(* Let $f\in\mathbb{R}^n\setminus\mathbb{Z}^n$ and $B,L\in\mathcal{C}^n_f$. The following are equivalent: (i) $C_B(R,f)\subseteq C_L(R,f)$ for every $k\in\mathbb{N}$ and every $R\in\mathbb{R}^{n\times k}$; (ii) $B\supseteq L$; (iii) $\psi_{B-f}\le\psi_{L-f}$ pointwise on $\mathbb{R}^n$; (iv) $\rho_f(B,L)\le1$.
   Context: $\mathcal{C}^n_f$ is the family of all $n$-dimensional closed convex subsets of $\mathbb{R}^n$ containing $f$ in their interior. For $B$ closed convex with $0\in\operatorname{int}(B)$, $\psi_B(r)=\inf\{\lambda>0:r\in\lambda B\}$. For $R=(r_1,\dots,r_k)$ and $B\in\mathcal{C}^n_f$, $C_B(R,f)=\{s\in\mathbb{R}^k_{\ge0}:\sum_{j=1}^k s_j\psi_{B-f}(r_j)\ge1\}$. $\rho_f(B,L)=\inf\{\alpha>0:C_B(R,f)\subseteq\frac1\alpha C_L(R,f)$ for all $k\in\mathbb{N}$ and all $R\in\mathbb{R}^{n\times k}\}$. *)

theory Defs
  imports "HOL-Analysis.Analysis"
begin

definition convC :: "real^'n \<Rightarrow> (real^'n) set \<Rightarrow> bool" where
  "convC f B \<longleftrightarrow> closed B \<and> convex B \<and> aff_dim B = int CARD('n) \<and> f \<in> interior B"

definition psi :: "(real^'n) set \<Rightarrow> real^'n \<Rightarrow> real" where
  "psi B r = Inf {t. t > 0 \<and> r \<in> (\<lambda>x. t *\<^sub>R x) ` B}"

definition shift :: "(real^'n) set \<Rightarrow> real^'n \<Rightarrow> (real^'n) set" where
  "shift B f = (\<lambda>x. x - f) ` B"

text \<open>C_B(R,f); R = (r_1,...,r_k) is a list of k vectors (columns), s in R^k_{>=0} is a list of length k.\<close>
definition CB :: "(real^'n) set \<Rightarrow> (real^'n) list \<Rightarrow> real^'n \<Rightarrow> real list set" where
  "CB B R f = {s. length s = length R \<and> (\<forall>x\<in>set s. x \<ge> 0) \<and>
      (\<Sum>j<length R. s ! j * psi (shift B f) (R ! j)) \<ge> 1}"

text \<open>rho_f(B,L), valued in extended reals (Inf of the empty set is +infinity).\<close>
definition rho :: "real^'n \<Rightarrow> (real^'n) set \<Rightarrow> (real^'n) set \<Rightarrow> ereal" where
  "rho f B L = Inf (ereal ` {\<alpha>::real. \<alpha> > 0 \<and>
      (\<forall>R::(real^'n) list. CB B R f \<subseteq> (map (\<lambda>x. x / \<alpha>)) ` CB L R f)})"

end

theory Submission
  imports Defs
begin

text \<open>For a closed convex K with 0 in its interior, the gauge characterises membership:
  r \<in> K exactly when psi K r \<le> 1. Hence pointwise comparison of gauges is reverse inclusion
  of the bodies, and testing the inequality defining C_B(R,f) on single vectors R = [r]
  recovers psi_{B-f}(r) \<le> \<alpha> psi_{L-f}(r) from the scaled containment defining rho;
  summing with nonnegative weights gives the converse.\<close>

lemma psi_set_nonempty:
  fixes K :: "(real^'n) set"
  assumes "0 \<in> interior K"
  shows "\<exists>t>0. r \<in> (\<lambda>x. t *\<^sub>R x) ` K"
proof -
  obtain e where e: "e > 0" "ball 0 e \<subseteq> K"
    using assms mem_interior by blast
  define t where "t = 2 * (norm r + 1) / e"
  have t: "t > 0"
    unfolding t_def using e by (intro divide_pos_pos) (auto intro: add_nonneg_pos)
  have "norm ((1/t) *\<^sub>R r) = norm r * e / (2 * (norm r + 1))"
    using t e by (simp add: t_def)
  also have "\<dots> < e"
    using e by (simp add: field_simps add_pos_nonneg add_nonneg_pos)
  finally have "(1/t) *\<^sub>R r \<in> K"
    using e by auto
  moreover have "r = t *\<^sub>R ((1/t) *\<^sub>R r)"
    using t by simp
  ultimately show ?thesis
    using t by blast
qed

lemma psi_nonneg:
  fixes K :: "(real^'n) set"
  assumes "0 \<in> interior K"
  shows "psi K r \<ge> 0"
  unfolding psi_def using psi_set_nonempty[OF assms, of r] by (intro cInf_greatest) auto

lemma psi_antimono:
  fixes K K' :: "(real^'n) set"
  assumes "0 \<in> interior K" "K \<subseteq> K'"
  shows "psi K' r \<le> psi K r"
  unfolding psi_def
proof (rule cInf_superset_mono)
  show "{t. 0 < t \<and> r \<in> (*\<^sub>R) t ` K} \<noteq> {}"
    using psi_set_nonempty[OF assms(1), of r] by auto
  show "bdd_below {t::real. 0 < t \<and> r \<in> (*\<^sub>R) t ` K'}"
    by (rule bdd_belowI[of _ 0]) auto
  show "{t. 0 < t \<and> r \<in> (*\<^sub>R) t ` K} \<subseteq> {t. 0 < t \<and> r \<in> (*\<^sub>R) t ` K'}"
    using assms(2) by auto
qed

lemma psi_le_1_if_mem:
  fixes K :: "(real^'n) set"
  assumes "r \<in> K"
  shows "psi K r \<le> 1"
  unfolding psi_def
proof (rule cInf_lower)
  show "1 \<in> {t. 0 < t \<and> r \<in> (*\<^sub>R) t ` K}"
    using assms by auto
  show "bdd_below {t::real. 0 < t \<and> r \<in> (*\<^sub>R) t ` K}"
    by (rule bdd_belowI[of _ 0]) auto
qed

lemma mem_if_psi_le_1:
  fixes K :: "(real^'n) set"
  assumes "closed K" "convex K" "0 \<in> interior K" "psi K r \<le> 1"
  shows "r \<in> K"
proof -
  have "0 \<in> K"
    using assms(3) interior_subset by blast
  define S where "S = {c::real. c *\<^sub>R r \<in> K}"
  have "closed S"
  proof -
    have "S = (\<lambda>c::real. c *\<^sub>R r) -` K"
      by (auto simp: S_def)
    then show ?thesis
      using assms(1) by (simp add: continuous_closed_vimage)
  qed
  have "{0<..<1} \<subseteq> S"
  proof
    fix c :: real
    assume c: "c \<in> {0<..<1}"
    have "1 < 1 / c"
      using c by simp
    then have "Inf {t. 0 < t \<and> r \<in> (*\<^sub>R) t ` K} < 1 / c"
      using assms(4) unfolding psi_def by linarith
    then obtain s where s: "s > 0" "r \<in> (*\<^sub>R) s ` K" "s < 1 / c"
      using cInf_lessD[of "{t. 0 < t \<and> r \<in> (*\<^sub>R) t ` K}"] psi_set_nonempty[OF assms(3), of r]
      by auto
    then obtain k where "k \<in> K" "r = s *\<^sub>R k"
      by auto
    \<comment> \<open>c r = (c s) k lies on the segment from 0 to k\<close>
    have "c * s \<le> 1" "0 \<le> c * s"
      using s c by (auto simp: field_simps)
    then have "(c * s) *\<^sub>R k + (1 - c * s) *\<^sub>R 0 \<in> K"
      using assms(2) \<open>k \<in> K\<close> \<open>0 \<in> K\<close> by (intro convexD) auto
    then show "c \<in> S"
      using \<open>r = s *\<^sub>R k\<close> by (simp add: S_def)
  qed
  then have "closure {0<..<(1::real)} \<subseteq> S"
    using \<open>closed S\<close> by (rule closure_minimal)
  then have "1 \<in> S"
    by auto
  then show ?thesis
    by (simp add: S_def)
qed

lemma psi_le_1_iff:
  fixes K :: "(real^'n) set"
  assumes "closed K" "convex K" "0 \<in> interior K"
  shows "psi K r \<le> 1 \<longleftrightarrow> r \<in> K"
  using assms mem_if_psi_le_1 psi_le_1_if_mem by blast

lemma psi_le_psi_iff_subset:
  fixes K K' :: "(real^'n) set"
  assumes "closed K" "convex K" "0 \<in> interior K" "0 \<in> interior K'"
  shows "(\<forall>r. psi K r \<le> psi K' r) \<longleftrightarrow> K' \<subseteq> K"
proof
  assume le: "\<forall>r. psi K r \<le> psi K' r"
  show "K' \<subseteq> K"
  proof
    fix r
    assume "r \<in> K'"
    then have "psi K r \<le> 1"
      using le psi_le_1_if_mem order_trans by blast
    then show "r \<in> K"
      using psi_le_1_iff[OF assms(1-3)] by blast
  qed
qed (use psi_antimono[OF assms(4)] in blast)

lemma shift_subset_shift_iff: "shift L f \<subseteq> shift B f \<longleftrightarrow> L \<subseteq> B"
  by (auto simp: shift_def inj_image_subset_iff inj_def)

lemma convC_shift:
  assumes "convC f B"
  shows "closed (shift B f)" "convex (shift B f)" "0 \<in> interior (shift B f)"
  using assms
  by (auto simp: convC_def shift_def closed_translation_subtract interior_translation_subtract)

lemma CB_singleton_iff:
  "s \<in> CB B [r] f \<longleftrightarrow> (\<exists>a. s = [a] \<and> a \<ge> 0 \<and> a * psi (shift B f) r \<ge> 1)"
  by (cases s rule: list.exhaust) (auto simp: CB_def)

lemma CB_mono:
  assumes "\<forall>r. psi (shift B f) r \<le> psi (shift L f) r"
  shows "CB B R f \<subseteq> CB L R f"
proof
  fix s
  assume s: "s \<in> CB B R f"
  have "(\<Sum>j<length R. s ! j * psi (shift B f) (R ! j))
      \<le> (\<Sum>j<length R. s ! j * psi (shift L f) (R ! j))"
  proof (rule sum_mono)
    fix j
    assume "j \<in> {..<length R}"
    then have "s ! j \<ge> 0"
      using s by (auto simp: CB_def)
    then show "s ! j * psi (shift B f) (R ! j) \<le> s ! j * psi (shift L f) (R ! j)"
      using assms by (simp add: mult_left_mono)
  qed
  then show "s \<in> CB L R f"
    using s by (auto simp: CB_def)
qed

lemma psi_le_scaled_psi_if_CB_subset:
  assumes "0 \<in> interior (shift L f)" "\<alpha> > 0"
    and "CB B [r] f \<subseteq> map (\<lambda>x. x / \<alpha>) ` CB L [r] f"
  shows "psi (shift B f) r \<le> \<alpha> * psi (shift L f) r"
proof (cases "psi (shift B f) r > 0")
  case True
  then have "[1 / psi (shift B f) r] \<in> CB B [r] f"
    by (simp add: CB_singleton_iff)
  then have "[1 / psi (shift B f) r] \<in> map (\<lambda>x. x / \<alpha>) ` CB L [r] f"
    using assms(3) by (rule subsetD[rotated])
  then obtain t where "t \<in> CB L [r] f" "[1 / psi (shift B f) r] = map (\<lambda>x. x / \<alpha>) t"
    by (rule imageE) simp
  then obtain b where b: "1 / psi (shift B f) r = b / \<alpha>" "b * psi (shift L f) r \<ge> 1"
    by (auto simp: CB_singleton_iff)
  then have "\<alpha> = b * psi (shift B f) r"
    using True assms(2) by (simp add: frac_eq_eq)
  then have "\<alpha> * psi (shift L f) r = psi (shift B f) r * (b * psi (shift L f) r)"
    by (simp add: ac_simps)
  also have "\<dots> \<ge> psi (shift B f) r * 1"
    using True b(2) by (intro mult_left_mono) auto
  finally show ?thesis
    by simp
next
  case False
  moreover have "0 \<le> \<alpha> * psi (shift L f) r"
    using assms(2) psi_nonneg[OF assms(1), of r] by simp
  ultimately show ?thesis
    by linarith
qed

lemma CB_subset_iff_psi_le:
  assumes "0 \<in> interior (shift L f)"
  shows "(\<forall>R. CB B R f \<subseteq> CB L R f) \<longleftrightarrow> (\<forall>r. psi (shift B f) r \<le> psi (shift L f) r)"
proof
  assume "\<forall>R. CB B R f \<subseteq> CB L R f"
  then show "\<forall>r. psi (shift B f) r \<le> psi (shift L f) r"
    using psi_le_scaled_psi_if_CB_subset[OF assms, of 1 B] by (simp cong: list.map_cong)
qed (use CB_mono[of B f L] in blast)

lemma rho_le_1_iff_psi_le:
  assumes "0 \<in> interior (shift L f)"
  shows "rho f B L \<le> 1 \<longleftrightarrow> (\<forall>r. psi (shift B f) r \<le> psi (shift L f) r)"
proof
  assume "\<forall>r. psi (shift B f) r \<le> psi (shift L f) r"
  then have "\<forall>R. CB B R f \<subseteq> map (\<lambda>x. x / 1) ` CB L R f"
    using CB_mono[of B f L] by simp
  then show "rho f B L \<le> 1"
    unfolding rho_def one_ereal_def by (intro Inf_lower) auto
next
  assume rho: "rho f B L \<le> 1"
  show "\<forall>r. psi (shift B f) r \<le> psi (shift L f) r"
  proof
    fix r
    show "psi (shift B f) r \<le> psi (shift L f) r"
    proof (rule field_le_mult_one_interval)
      fix z :: real
      assume z: "0 < z" "z < 1"
      \<comment> \<open>rho \<le> 1 < 1/z, so some admissible \<alpha> lies below 1/z\<close>
      then have "rho f B L < ereal (1 / z)"
        using rho by (simp add: one_ereal_def order_le_less_trans)
      then obtain \<alpha> where \<alpha>: "\<alpha> > 0" "\<alpha> < 1 / z"
        and "\<forall>R. CB B R f \<subseteq> map (\<lambda>x. x / \<alpha>) ` CB L R f"
        unfolding rho_def Inf_less_iff by auto
      then have "psi (shift B f) r \<le> \<alpha> * psi (shift L f) r"
        using psi_le_scaled_psi_if_CB_subset[OF assms] by blast
      also have "\<dots> \<le> (1 / z) * psi (shift L f) r"
        using \<alpha> psi_nonneg[OF assms] by (intro mult_right_mono) auto
      finally show "z * psi (shift B f) r \<le> psi (shift L f) r"
        using z by (simp add: field_simps)
    qed
  qed
qed

theorem proposition3p11:
  fixes f :: "real^'n" and B L :: "(real^'n) set"
  assumes "\<exists>i. f $ i \<notin> \<int>"
    and "convC f B" and "convC f L"
  shows "((\<forall>R::(real^'n) list. CB B R f \<subseteq> CB L R f) \<longleftrightarrow> L \<subseteq> B)
    \<and> (L \<subseteq> B \<longleftrightarrow> (\<forall>r. psi (shift B f) r \<le> psi (shift L f) r))
    \<and> ((\<forall>r. psi (shift B f) r \<le> psi (shift L f) r) \<longleftrightarrow> rho f B L \<le> 1)"
proof -
  note B = convC_shift[OF assms(2)] and L = convC_shift[OF assms(3)]
  have "L \<subseteq> B \<longleftrightarrow> (\<forall>r. psi (shift B f) r \<le> psi (shift L f) r)"
    using psi_le_psi_iff_subset[OF B L(3)] shift_subset_shift_iff by blast
  then show ?thesis
    using CB_subset_iff_psi_le[OF L(3)] rho_le_1_iff_psi_le[OF L(3)] by blast
qed

end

= = = = = = =

◆ WHAT TO WORK ON
Tally the lines of the listing that include "lies". Reply with nothing but the count.

◆ RESPONSE AREA
2